We see the headlines all the time. "Simple tricks to please your picky eater!" "5 ways to get your picky eater to eat broccoli," and "Reform your picky eater."
But what the picky eater tips and tricks don't address is a very real and underlying issue many poor families face: low-income households just don't have the luxury of transforming picky eaters' taste buds.
A study published in the Journal of Social Science and Medicine showed that poor parents tend to buy foods they know their kids will eat because they want to minimize food waste.
In a separate 1990 study, kids had to see unknown foods between eight to 15 times before they would accept them. And that's not even saying that the kids will eat the food and enjoy it. So what do you do if for most of those eight to 15 times (per food type, mind you), it just ends up on the floor or in the trash?

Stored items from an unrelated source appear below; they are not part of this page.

lemma fishburn_cut_at_ascent:
  assumes "fishburn p" "Suc j < length p" "p ! j < p ! Suc j"
  shows "fishburn_cut p j"
  unfolding fishburn_cut_def
proof (intro conjI allI impI)
  fix k assume k: "j < k \<and> k < length p"
  show "p ! k + 1 \<noteq> p ! j"
  proof (cases "k = Suc j")
    case False
    then show ?thesis
      using assms(1,3) k unfolding fishburn_def by (metis Suc_lessI)
  qed (use assms(3) in simp)
qed (rule assms(2))

lemma fishburn_cut_iff:
  assumes perm: "is_perm p" and j: "j < length p" "j' < length p" "p ! j' + 1 = p ! j"
  shows "j' < j \<longleftrightarrow> (Suc j < length p \<longrightarrow> fishburn_cut p j)"
proof -
  have "p ! k + 1 = p ! j \<longleftrightarrow> k = j'" if "k < length p" for k
    using is_perm_nth_eq_iff[OF perm that j(2)] j(3) by auto
  then have "fishburn_cut p j \<longleftrightarrow> Suc j < length p \<and> \<not> j < j'"
    using j(2) unfolding fishburn_cut_def by blast
  moreover have "j' \<noteq> j"
    using j(3) by auto
  ultimately show ?thesis
    using j by auto
qed

lemma fishburn_in_gamma_image_modasc:
  assumes perm: "is_perm p" and "fishburn p"
  shows "p \<in> gamma ` modasc"
proof -
  let ?C = "fishburn_cut p"
  have "distinct p"
    using perm by (simp add: is_perm_def)
  have decreasing: "p ! b < p ! a"
    if "a < b" "b < length p" "block_index ?C a = block_index ?C b" for a b
    using decreasing_within_block[OF \<open>distinct p\<close> fishburn_cut_at_ascent[OF assms(2)] that] .
  have "ascents_are_first_occurrences (block_word ?C p)"
    by (rule ascents_are_first_occurrences_block_word[where C = ?C and p = p, OF perm decreasing fishburn_cut_iff[OF perm]])
  then have "block_word ?C p \<in> modasc"
    using cay_block_word[OF perm] modasc_iff by blast
  moreover have "gamma (block_word ?C p) = p"
    using gamma_block_word[where C = ?C and p = p, OF perm decreasing] .
  ultimately show ?thesis
    by (metis image_eqI)
qed
(* In the finite-sum strongly monotone setting below, for any $0<\alpha\le\mu/(5nl^2)$ and $K\ge1$, the GDA iterates satisfy $$\max_{\tau_1,\dots,\tau_K\in\mathbb{S}_n}\|\mathbf{z}^{K+1}_0-\mathbf{z}^*\|^2\le 2e^{-n\alpha\mu K}\|\mathbf{z}_0-\mathbf{z}^*\|^2+\frac{3l^2\sigma_*^2\alpha^3n^3K}{\mu}.$$ Moreover, if $\|\nu(\mathbf{z}_0)\|K/\mu>1$ and $\alpha=\min\{\mu/(5nl^2),\,2\log(\|\nu(\mathbf{z}_0)\|K/\mu)/(\mu nK)\}$, then $$\max_{\tau_1,\dots,\tau_K\in\mathbb{S}_n}\|\mathbf{z}^{K+1}_0-\mathbf{z}^*\|^2\le 2e^{-K/(5\kappa^2)}\|\mathbf{z}_0-\mathbf{z}^*\|^2+\frac{2\mu^2+24\kappa^2\sigma_*^2\log^3(\|\nu(\mathbf{z}_0)\|K/\mu)}{\mu^2K^2}.$$ In particular this applies to the incremental gradient method ($\tau_k=\mathrm{id}$ for all $k$).
   Context: Setting: $n\ge1$; $\omega_1,\dots,\omega_n:\mathbb{R}^d\to\mathbb{R}^d$ are each $l$-Lipschitz (not necessarily monotone), and $\nu=\frac1n\sum_{i=1}^n\omega_i$ is $\mu$-strongly monotone ($\langle\nu(\mathbf{z}_1)-\nu(\mathbf{z}_2),\mathbf{z}_1-\mathbf{z}_2\rangle\ge\mu\|\mathbf{z}_1-\mathbf{z}_2\|^2$), with unique root $\mathbf{z}^*$. $\kappa=l/\mu$ and $\sigma_*^2=\frac1n\sum_{i=1}^n\|\omega_i(\mathbf{z}^* )\|^2$. $\mathbb{S}_n$ is the set of permutations of $[n]$. GDA with permutations $\tau_1,\dots,\tau_K$: $\mathbf{z}^1_0=\mathbf{z}_0$; in epoch $k$, $\mathbf{z}^k_i=\mathbf{z}^k_{i-1}-\alpha\,\omega_{\tau_k(i)}(\mathbf{z}^k_{i-1})$ for $i=1,\dots,n$, and $\mathbf{z}^{k+1}_0=\mathbf{z}^k_n$. The maximum is over all sequences of permutations (adversarial shuffling). *)

theory Defs
  imports "HOL-Analysis.Analysis" "HOL-Combinatorics.Permutations"
begin

fun gda_epoch :: "real \<Rightarrow> (nat \<Rightarrow> 'a::real_normed_vector \<Rightarrow> 'a) \<Rightarrow> (nat \<Rightarrow> nat) \<Rightarrow> 'a \<Rightarrow> nat \<Rightarrow> 'a" where
  "gda_epoch a w perm z 0 = z"
| "gda_epoch a w perm z (Suc i) =
     (let y = gda_epoch a w perm z i in y - a *\<^sub>R w (perm (Suc i)) y)"

text \<open>gda_run a w n tau z0 K = z^{K+1}_0, after epochs 1..K using permutations tau 1, ..., tau K.\<close>
fun gda_run :: "real \<Rightarrow> (nat \<Rightarrow> 'a::real_normed_vector \<Rightarrow> 'a) \<Rightarrow> nat \<Rightarrow> (nat \<Rightarrow> nat \<Rightarrow> nat) \<Rightarrow> 'a \<Rightarrow> nat \<Rightarrow> 'a" where
  "gda_run a w n tau z0 0 = z0"
| "gda_run a w n tau z0 (Suc k) = gda_epoch a w (tau (Suc k)) (gda_run a w n tau z0 k) n"

definition mean_op :: "(nat \<Rightarrow> 'a::real_normed_vector \<Rightarrow> 'a) \<Rightarrow> nat \<Rightarrow> 'a \<Rightarrow> 'a" where
  "mean_op w n z = (1 / real n) *\<^sub>R (\<Sum>i=1..n. w i z)"

definition strongly_monotone :: "real \<Rightarrow> ('a::real_inner \<Rightarrow> 'a) \<Rightarrow> bool" where
  "strongly_monotone mu f \<longleftrightarrow> (\<forall>z1 z2. inner (f z1 - f z2) (z1 - z2) \<ge> mu * (norm (z1 - z2))^2)"

end

theory Submission
  imports Defs
begin

text \<open>Over one epoch every index is visited once, so the epoch is a single gradient step of size
  \<open>n\<alpha>\<close> on the mean operator \<open>\<nu>\<close> from the epoch's starting point \<open>z\<close>, up to an error bounded by
  \<open>\<alpha> l\<close> times the total drift \<open>\<Sum>\<^sub>j \<parallel>z\<^sub>j - z\<parallel>\<close> inside the epoch. The drift is controlled by the
  partial sums of \<open>\<parallel>\<omega>\<^sub>i(z\<^sup>*)\<parallel>\<close> plus \<open>\<parallel>z - z\<^sup>*\<parallel>\<close>, so for \<open>\<alpha> \<le> \<mu>/(5nl\<^sup>2)\<close> one epoch contracts
  \<open>\<parallel>z - z\<^sup>*\<parallel>\<^sup>2\<close> by the factor \<open>1 - n\<alpha>\<mu>\<close> at the cost of an additive \<open>3l\<^sup>2\<sigma>\<^sub>*\<^sup>2\<alpha>\<^sup>3n\<^sup>3/\<mu>\<close>,
  whatever the permutation. Unrolling over K epochs gives the first bound; the second is the
  first one evaluated at the tuned step size.\<close>

lemma gda_epoch_eq_sum:
  "gda_epoch a w p z i = z - a *\<^sub>R (\<Sum>j<i. w (p (Suc j)) (gda_epoch a w p z j))"
  by (induction i) (simp_all add: Let_def algebra_simps)

lemma sum_lessThan_permutes:
  assumes "p permutes {1..n}"
  shows "(\<Sum>j<n. f (p (Suc j))) = (\<Sum>i=1..n. (f i :: 'b::comm_monoid_add))"
proof -
  have "(\<Sum>j<n. f (p (Suc j))) = (\<Sum>i=1..n. f (p i))"
    by (induction n) auto
  also have "\<dots> = (\<Sum>i=1..n. f i)"
    using sum.permute[OF assms, of f] by simp
  finally show ?thesis .
qed

lemma sum_lessThan_of_nat_le: "(\<Sum>i<n. real i) \<le> real n ^ 2 / 2"
proof -
  have "2 * (\<Sum>i<m. real i) = real m * (real m - 1)" for m
    by (induction m) (auto simp: algebra_simps)
  from this[of n] show ?thesis
    by (simp add: power2_eq_square algebra_simps)
qed

lemma sum_partial_sums_squared_le:
  fixes A :: "nat \<Rightarrow> real"
  shows "(\<Sum>i<n. \<Sum>j<i. A j)^2 \<le> real n ^ 3 / 2 * (\<Sum>j<n. (A j)^2)"
proof -
  define S where "S = (\<Sum>j<n. (A j)^2)"
  have partial: "(\<Sum>j<i. A j)^2 \<le> S * real i" if "i < n" for i
  proof -
    have "(\<Sum>j<i. A j)^2 \<le> (\<Sum>j<i. (A j)^2) * real i"
      using sum_squared_le_sum_of_squares[of A "{..<i}"] by simp
    also have "(\<Sum>j<i. (A j)^2) \<le> S"
      unfolding S_def using that by (intro sum_mono2) auto
    finally show ?thesis by (simp add: mult_right_mono)
  qed
  have "(\<Sum>i<n. \<Sum>j<i. A j)^2 \<le> (\<Sum>i<n. (\<Sum>j<i. A j)^2) * real n"
    using sum_squared_le_sum_of_squares[of "\<lambda>i. \<Sum>j<i. A j" "{..<n}"] by simp
  also have "\<dots> \<le> (\<Sum>i<n. S * real i) * real n"
    using partial by (intro mult_right_mono sum_mono) auto
  also have "\<dots> \<le> S * (real n ^ 2 / 2) * real n"
    unfolding sum_distrib_left[symmetric] S_def
    by (intro mult_right_mono mult_left_mono sum_lessThan_of_nat_le sum_nonneg) auto
  finally show ?thesis
    unfolding S_def by (simp add: power2_eq_square power3_eq_cube algebra_simps)
qed

text \<open>Young's inequality \<open>2RP \<le> (2b/5) R\<^sup>2 + (5/(2b)) P\<^sup>2\<close>, with the weight chosen so that the
  contraction \<open>1 - 31b/40\<close> survives squaring as \<open>1 - b\<close> when \<open>b \<le> 1/5\<close>.\<close>

lemma square_le_contraction_plus:
  fixes b r s P :: real
  assumes b: "0 < b" "b \<le> 1/5" and r: "0 \<le> r" and s: "0 \<le> s" and P: "0 \<le> P"
    and s_le: "s \<le> (1 - 31/40 * b) * r + P"
  shows "s^2 \<le> (1 - b) * r^2 + (1 + 5 / (2 * b)) * P^2"
proof -
  define R where "R = (1 - 31/40 * b) * r"
  have "R \<ge> 0" unfolding R_def using b r by simp
  then have "s^2 \<le> (R + P)^2"
    using s s_le P unfolding R_def by (intro power_mono) auto
  also have "\<dots> \<le> (1 + 2/5 * b) * R^2 + (1 + 5 / (2 * b)) * P^2"
  proof -
    have "b * (2 * R * P) \<le> b * (2/5 * b * R^2 + 5 / (2 * b) * P^2)"
      using b sum_power2_ge_zero[of "b * R - 5/2 * P" 0]
      by (simp add: power2_eq_square algebra_simps)
    then have "2 * R * P \<le> 2/5 * b * R^2 + 5 / (2 * b) * P^2"
      using b by simp
    then show ?thesis by (simp add: power2_eq_square algebra_simps)
  qed
  also have "(1 + 2/5 * b) * R^2 \<le> (1 - b) * r^2"
  proof -
    have "b * b * b \<le> b / 25"
      using b mult_mono[OF b(2) b(2)] mult_right_mono[of "b * b" "1/25" b] by simp
    moreover have "(1 + 2/5 * b) * (1 - 31/40 * b)^2
        = 1 - 23/20 * b - 31/1600 * (b * b) + 961/4000 * (b * b * b)"
      by (simp add: power2_eq_square field_simps)
    ultimately have "(1 + 2/5 * b) * (1 - 31/40 * b)^2 \<le> 1 - b"
      using b zero_le_square[of b] by linarith
    then have "(1 + 2/5 * b) * (1 - 31/40 * b)^2 * r^2 \<le> (1 - b) * r^2"
      by (rule mult_right_mono) simp
    then show ?thesis
      unfolding R_def by (simp add: power_mult_distrib mult_ac)
  qed
  finally show ?thesis by simp
qed

lemma lipschitz_on_mean_op:
  fixes w :: "nat \<Rightarrow> 'a::real_normed_vector \<Rightarrow> 'a"
  assumes n: "n \<ge> 1" and lip: "\<And>i. i \<in> {1..n} \<Longrightarrow> l-lipschitz_on UNIV (w i)"
  shows "l-lipschitz_on UNIV (mean_op w n)"
proof (rule lipschitz_onI)
  show "0 \<le> l"
    using lipschitz_on_nonneg[OF lip[of 1]] n by simp
  fix x y :: 'a
  have "norm (mean_op w n x - mean_op w n y) = norm (\<Sum>i=1..n. w i x - w i y) / real n"
    by (simp add: mean_op_def sum_subtractf scaleR_diff_right[symmetric])
  also have "\<dots> \<le> (\<Sum>i=1..n. norm (w i x - w i y)) / real n"
    by (intro divide_right_mono norm_sum) auto
  also have "\<dots> \<le> (\<Sum>i=1..n. l * norm (x - y)) / real n"
    by (intro divide_right_mono sum_mono lipschitz_on_normD[OF lip]) auto
  also have "\<dots> = l * norm (x - y)"
    using n by simp
  finally show "dist (mean_op w n x) (mean_op w n y) \<le> l * dist x y"
    by (simp add: dist_norm)
qed

lemma strongly_monotone_le_lipschitz:
  fixes f :: "'a::euclidean_space \<Rightarrow> 'a"
  assumes "strongly_monotone mu f" and "l-lipschitz_on UNIV f"
  shows "mu \<le> l"
proof -
  obtain b :: 'a where "b \<in> Basis" using nonempty_Basis by blast
  then have b: "norm b > 0" using nonzero_Basis by auto
  have "mu * (norm b)^2 \<le> inner (f b - f 0) b"
    using assms(1) unfolding strongly_monotone_def by (metis diff_zero)
  also have "\<dots> \<le> norm (f b - f 0) * norm b"
    by (rule norm_cauchy_schwarz)
  also have "\<dots> \<le> l * norm b * norm b"
    using lipschitz_on_normD[OF assms(2), of b 0] b by (intro mult_right_mono) auto
  finally show ?thesis
    using b by (simp add: power2_eq_square)
qed

lemma strongly_monotone_dist_root_le:
  fixes f :: "'a::real_inner \<Rightarrow> 'a"
  assumes "strongly_monotone mu f" and "f zs = 0"
  shows "mu * norm (z - zs) \<le> norm (f z)"
proof (cases "z = zs")
  case False
  have "mu * (norm (z - zs))^2 \<le> inner (f z - f zs) (z - zs)"
    using assms(1) unfolding strongly_monotone_def by blast
  also have "\<dots> \<le> norm (f z) * norm (z - zs)"
    using assms(2) norm_cauchy_schwarz by simp
  finally show ?thesis
    using False by (simp add: power2_eq_square)
qed simp

lemma strongly_monotone_gradient_step:
  fixes f :: "'a::real_inner \<Rightarrow> 'a"
  assumes mon: "strongly_monotone mu f" and lip: "l-lipschitz_on UNIV f"
    and root: "f zs = 0" and c: "c \<ge> 0"
  shows "(norm ((z - zs) - c *\<^sub>R f z))^2 \<le> (1 - 2 * c * mu + c^2 * l^2) * (norm (z - zs))^2"
proof -
  have expand: "(norm (u - c *\<^sub>R v))^2 = (norm u)^2 - 2 * c * inner v u + c^2 * (norm v)^2" for u v :: 'a
  proof -
    have "(norm (u - c *\<^sub>R v))^2 = inner (u - c *\<^sub>R v) (u - c *\<^sub>R v)"
      by (rule power2_norm_eq_inner)
    also have "\<dots> = inner u u - 2 * c * inner v u + c^2 * inner v v"
      by (simp add: inner_commute algebra_simps power2_eq_square)
    finally show ?thesis by (simp add: power2_norm_eq_inner)
  qed
  have "(norm ((z - zs) - c *\<^sub>R f z))^2
      = (norm (z - zs))^2 - 2 * c * inner (f z) (z - zs) + c^2 * (norm (f z))^2"
    by (rule expand)
  also have "\<dots> \<le> (norm (z - zs))^2 - 2 * c * (mu * (norm (z - zs))^2) + c^2 * (l * norm (z - zs))^2"
  proof -
    have "mu * (norm (z - zs))^2 \<le> inner (f z) (z - zs)"
      using mon root unfolding strongly_monotone_def by (metis diff_zero)
    then have "2 * c * (mu * (norm (z - zs))^2) \<le> 2 * c * inner (f z) (z - zs)"
      using c by (intro mult_left_mono) auto
    moreover have "norm (f z) \<le> l * norm (z - zs)"
      using lipschitz_on_normD[OF lip, of z zs] root by simp
    then have "c^2 * (norm (f z))^2 \<le> c^2 * (l * norm (z - zs))^2"
      by (intro mult_left_mono power_mono) auto
    ultimately show ?thesis by linarith
  qed
  finally show ?thesis
    by (simp add: power2_eq_square algebra_simps)
qed
lemma char_poly_scalar_plus_mult_I_plus_J:
  fixes U W :: "real mat" and c m :: real
  assumes U: "U \<in> carrier_mat N k" and W: "W \<in> carrier_mat k N"
    and WU: "W * U = mat k k (\<lambda>(a, b). m * (if a = b then 2 else 1))"
    and "1 \<le> k" "k \<le> N"
  shows "char_poly (c \<cdot>\<^sub>m 1\<^sub>m N + U * W)
    = [:- c, 1:] ^ (N - k) * [:- (c + m), 1:] ^ (k - 1) * [:- (c + (real k + 1) * m), 1:]"
proof (rule poly_eqI_cofinite)
  fix x assume "x \<notin> {c, c + m}"
  then have "x - c \<noteq> 0" "x - c \<noteq> m" by auto
  have A: "c \<cdot>\<^sub>m 1\<^sub>m N + U * W \<in> carrier_mat N N"
    using U W by simp
  have "- char_matrix (c \<cdot>\<^sub>m 1\<^sub>m N + U * W) x = (x - c) \<cdot>\<^sub>m 1\<^sub>m N - U * W"
    using U W unfolding char_matrix_def by (intro eq_matI) (auto simp: algebra_simps)
  then show "poly (char_poly (c \<cdot>\<^sub>m 1\<^sub>m N + U * W)) x
    = poly ([:- c, 1:] ^ (N - k) * [:- (c + m), 1:] ^ (k - 1) * [:- (c + (real k + 1) * m), 1:]) x"
    using char_poly_matrix[OF A] det_scalar_minus_mult_I_plus_J[OF U W WU assms(4,5)
        \<open>x - c \<noteq> 0\<close> \<open>x - c \<noteq> m\<close>]
    by (simp add: algebra_simps)
qed simp

lemma short_walk_ends:
  assumes "is_walk V E xs" "length xs \<le> 2"
  shows "hd xs = last xs \<or> E (hd xs) (last xs)"
proof -
  consider a where "xs = [a]" | a b where "xs = [a, b]"
    using assms by (cases xs rule: remdups_adj.cases) (auto simp: is_walk_def)
  then show ?thesis
    by cases (use assms(1) in \<open>auto simp: is_walk_def\<close>)
qed

lemma gdist_self: "u \<in> V \<Longrightarrow> gdist V E u u = 0"
  unfolding gdist_def by (rule Least_eq_0) (auto simp: is_walk_def intro!: exI[of _ "[u]"])

lemma gdist_eq_1:
  assumes "u \<in> V" "v \<in> V" "u \<noteq> v" "E u v"
  shows "gdist V E u v = 1"
  unfolding gdist_def
proof (rule Least_equality)
  show "\<exists>xs. is_walk V E xs \<and> hd xs = u \<and> last xs = v \<and> length xs = Suc 1"
    using assms by (auto simp: is_walk_def less_Suc_eq intro!: exI[of _ "[u, v]"])
  fix d assume "\<exists>xs. is_walk V E xs \<and> hd xs = u \<and> last xs = v \<and> length xs = Suc d"
  then obtain xs where "hd xs = u" "last xs = v" "length xs = Suc d"
    by blast
  with \<open>u \<noteq> v\<close> show "1 \<le> d"
    by (cases xs) (auto simp: Suc_le_eq)
qed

When you're strapped for cash, the answer seems to be to only buy foods you know the kids already like. And unfortunately, that usually means buying calorie-dense and nutrient-poor options like chicken nuggets and mac 'n' cheese instead of broccoli.
The study interviewed 73 parents in the Boston area on how they decide what to feed their families, including asking them about their priorities and concerns. The author, Caitlin Daniel, then followed 38 of them on shopping trips, even following some of them on more than one trip.
She found that low-income parents gave the cost of food a lot more weight, so much so that they were more willing to travel further if it meant getting cheaper food. Meanwhile, higher-income parents were less likely to worry about food waste and more willing to introduce and reintroduce foods their kids didn't initially like.
"For poor parents, waste is very salient and when they assess whether something is affordable or expensive, they don’t just look at the number on the price tag, they also think about whether the food will actually get eaten," Daniel told the Harvard Gazette. "In some cases, when the food goes uneaten, something that’s affordable on paper becomes expensive in practice. Currently, ways of measuring food costs don’t account for the cost of waste."
We all want our kids to eat healthy and be healthy, but it's another thing to expect people to take financial risks when they can't afford to do so.
So how do we even start to address this problem? Daniel and other experts point to institutions like schools and summer camps where the risk of food waste can be shared across the board instead of just on one family.
“I think one of the things, one of the best things in the world, is feeding lunch, snack and breakfast programs in schools because it then gives the opportunity to try things but not at home," said Gail Nyberg, executive director of Toronto's Daily Bread Food Bank, to The Toronto Star. "In these breakfast programs, there are a variety of fruits and vegetables, and then if my child came home and said, I ate pineapple, then I might invest in it, or if I go to the food bank and I see it, I’m going to pick up a pineapple.”